Family-Based Analysis of Candidate Genes for Polycystic Ovary Syndrome

Polycystic ovary syndrome (PCOS) is a complex disorder having both genetic and environmental components. A number of association studies based on candidate genes have reported significant association, but few have been replicated. D19S884, a polymorphic marker in fibrillin 3 (FBN3), is one of the few association findings that has been replicated in independent sets of families.The aims of the study are: 1) to genotype single nucleotide polymorphisms (SNPs) in the region of D19S884; and 2) to follow up with an independent data set, published results reporting evidence for PCOS candidate gene associations.The transmission disequilibrium test (TDT) was used to analyze linkage and association between PCOS and SNPs in candidate genes previously reported by us and by others as significantly associated with PCOS.The study was conducted at academic medical centers.A total of 453 families having a proband with PCOS participated in the study.
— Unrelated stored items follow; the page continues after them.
lemma UN_pair_recovery_sets:
  assumes range: "b ` {0..2 * m} \<subseteq> {1..n}"
  shows "(\<Union>j\<in>{1..m+1}. pair_recovery_sets b m n j) = {1..n}"
proof
  show "(\<Union>j\<in>{1..m+1}. pair_recovery_sets b m n j) \<subseteq> {1..n}"
  proof
    fix l assume "l \<in> (\<Union>j\<in>{1..m+1}. pair_recovery_sets b m n j)"
    then obtain j where j: "j \<in> {1..m+1}" "l \<in> pair_recovery_sets b m n j"
      by blast
    show "l \<in> {1..n}"
    proof (cases "j = 1")
      case False
      then have "j \<in> {2..m+1}"
        using j by auto
      then have "l \<in> b ` {0..2 * m}"
        using j(2) pair_recovery_sets_pair(2)[of j m b n] by auto
      then show ?thesis
        using range by blast
    qed (use j pair_recovery_sets_1 in auto)
  qed
next
  show "{1..n} \<subseteq> (\<Union>j\<in>{1..m+1}. pair_recovery_sets b m n j)"
  proof
    fix l assume l: "l \<in> {1..n}"
    show "l \<in> (\<Union>j\<in>{1..m+1}. pair_recovery_sets b m n j)"
    proof (cases "l \<in> b ` {1..2 * m}")
      case True
      then obtain k where k: "k \<in> {1..2 * m}" "l = b k"
        by blast
      define j where "j = (if k \<le> m then Suc k else Suc (k - m))"
      have "j \<in> {2..m+1}" "l \<in> {b (j - 1), b (m + j - 1)}"
        using k unfolding j_def by auto
      then show ?thesis
        using pair_recovery_sets_pair(1)[of j m b n] by (intro UN_I[of j]) auto
    next
      case False
      then show ?thesis
        using l pair_recovery_sets_1 by (intro UN_I[of 1]) auto
    qed
  qed
qed

lemma pair_recovery_sets_disjoint:
  assumes inj: "inj_on b {0..2 * m}"
    and j1: "j1 \<in> {1..m+1}" and j2: "j2 \<in> {1..m+1}" and ne: "j1 \<noteq> j2"
  shows "pair_recovery_sets b m n j1 \<inter> pair_recovery_sets b m n j2 = {}"
proof (cases "j1 = 1 \<or> j2 = 1")
  case True
  have "pair_recovery_sets b m n j \<inter> pair_recovery_sets b m n 1 = {}" if "j \<in> {2..m+1}" for j
    using pair_recovery_sets_pair(2)[OF that] pair_recovery_sets_1 by blast
  from this[of j1] this[of j2] show ?thesis
    using True j1 j2 ne by (auto simp: Int_commute)
next
  case False
  then have j12: "j1 \<in> {2..m+1}" "j2 \<in> {2..m+1}"
    using j1 j2 by auto
  have "b k1 \<noteq> b k2" if "k1 \<in> {j1 - 1, m + j1 - 1}" "k2 \<in> {j2 - 1, m + j2 - 1}" for k1 k2
  proof -
    have "k1 \<noteq> k2" "k1 \<in> {0..2 * m}" "k2 \<in> {0..2 * m}"
      using that j12 ne by auto
    then show ?thesis
      using inj_on_eq_iff[OF inj] by blast
  qed
  then show ?thesis
    using pair_recovery_sets_pair(1)[OF j12(1)] pair_recovery_sets_pair(1)[OF j12(2)] by auto
qed

abbreviation recovery_sets :: "nat \<Rightarrow> nat list \<Rightarrow> nat \<Rightarrow> nat \<Rightarrow> nat set" where
  "recovery_sets t v i \<equiv> pair_recovery_sets (recovery_bucket t v i) (2 * t) (cn t v)"

lemma recovery_sets_partition:
  assumes g: "good_vector t v" and i: "i \<in> {1..cn t v}"
  shows "i \<in> recovery_sets t v i 1"
    and "(\<Union>j\<in>{1..2*t+1}. recovery_sets t v i j) = {1..cn t v}"
    and "\<And>j1 j2. j1 \<in> {1..2*t+1} \<Longrightarrow> j2 \<in> {1..2*t+1} \<Longrightarrow> j1 \<noteq> j2 \<Longrightarrow>
           recovery_sets t v i j1 \<inter> recovery_sets t v i j2 = {}"
proof -
  have inj: "inj_on (recovery_bucket t v i) {0..2 * (2 * t)}"
    using inj_on_recovery_bucket[OF g] by simp
  have range: "recovery_bucket t v i ` {0..2 * (2 * t)} \<subseteq> {1..cn t v}"
    using recovery_bucket_range by blast
  show "i \<in> recovery_sets t v i 1"
    using in_pair_recovery_sets_1[OF inj range] recovery_bucket_0[OF i] by simp
  show "(\<Union>j\<in>{1..2*t+1}. recovery_sets t v i j) = {1..cn t v}"
    using UN_pair_recovery_sets[OF range] .
  show "recovery_sets t v i j1 \<inter> recovery_sets t v i j2 = {}"
    if "j1 \<in> {1..2*t+1}" "j2 \<in> {1..2*t+1}" "j1 \<noteq> j2" for j1 j2
    using pair_recovery_sets_disjoint[OF inj that] .
qed

lemma recoverable_recovery_sets:
  assumes g: "good_vector t v" and i: "i \<in> {1..cn t v}" and j: "j \<in> {1..2*t+1}"
  shows "recoverable (constrC t v :: (nat \<Rightarrow> 'a::field) \<Rightarrow> _) (\<lambda>_. t + 1) (recovery_sets t v i j) i"
proof (cases "j = 1")
  case True
  have "finite (recovery_sets t v i 1)"
    unfolding pair_recovery_sets_1 by simp
  then show ?thesis
    using True recovery_sets_partition(1)[OF g i]
    by (intro recoverable_from_entry[where s = 1]) (auto simp: constrC_def)
next
  case False
  define k where "k = j - 1"
  have k: "k \<in> {1..2 * t}"
    using False j unfolding k_def by auto
  have R: "recovery_sets t v i j = {recovery_bucket t v i k, recovery_bucket t v i (2 * t + k)}"
    using pair_recovery_sets_pair(1)[of j] False j unfolding k_def by simp
  have "recovery_bucket t v i k \<noteq> recovery_bucket t v i (2 * t + k)"
    using inj_on_eq_iff[OF inj_on_recovery_bucket[OF g], of k "2 * t + k" i] k by auto
  moreover obtain r where "r \<in> {1..t+1}"
    "\<And>x :: nat \<Rightarrow> 'a. constrC t v x (recovery_bucket t v i (2 * t + k)) r = x i + constrC t v x (recovery_bucket t v i k) 1"
    using constrC_recovery_bucket[OF g i k] by blast
  ultimately show ?thesis
    unfolding R by (intro recoverable_from_pair[where s = 1 and u = r]) auto
qed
Sisters with PCOS were also included. There was a total of 502 probands and sisters with PCOS.There were no interventions.The outcome measure was transmission frequency of SNP alleles.We identified a six-SNP haplotype block spanning a 6.7-kb region on chromosome 19p13.2 that includes D19S884. SNP haplotype allele-C alone and in combination with D19S884-allele 8 is significantly associated with PCOS: haplotype-C TDT chi(2) = 10.0 (P = 0.0016) and haplotype-C/A8 TDT chi(2) = 7.6 (P = 0.006). SNPs in four of the other 26 putative candidate genes that were tested using the TDT were nominally significant (ACVR2A, POMC, FEM1B, and SGTA). One SNP in POMC (rs12473543, chi(2) = 9.1; P(corrected) = 0.042) is significant after correction for multiple testing.A polymorphic variant, D19S884, in FBN3 is associated with risk of PCOS. POMC is also a candidate gene of interest.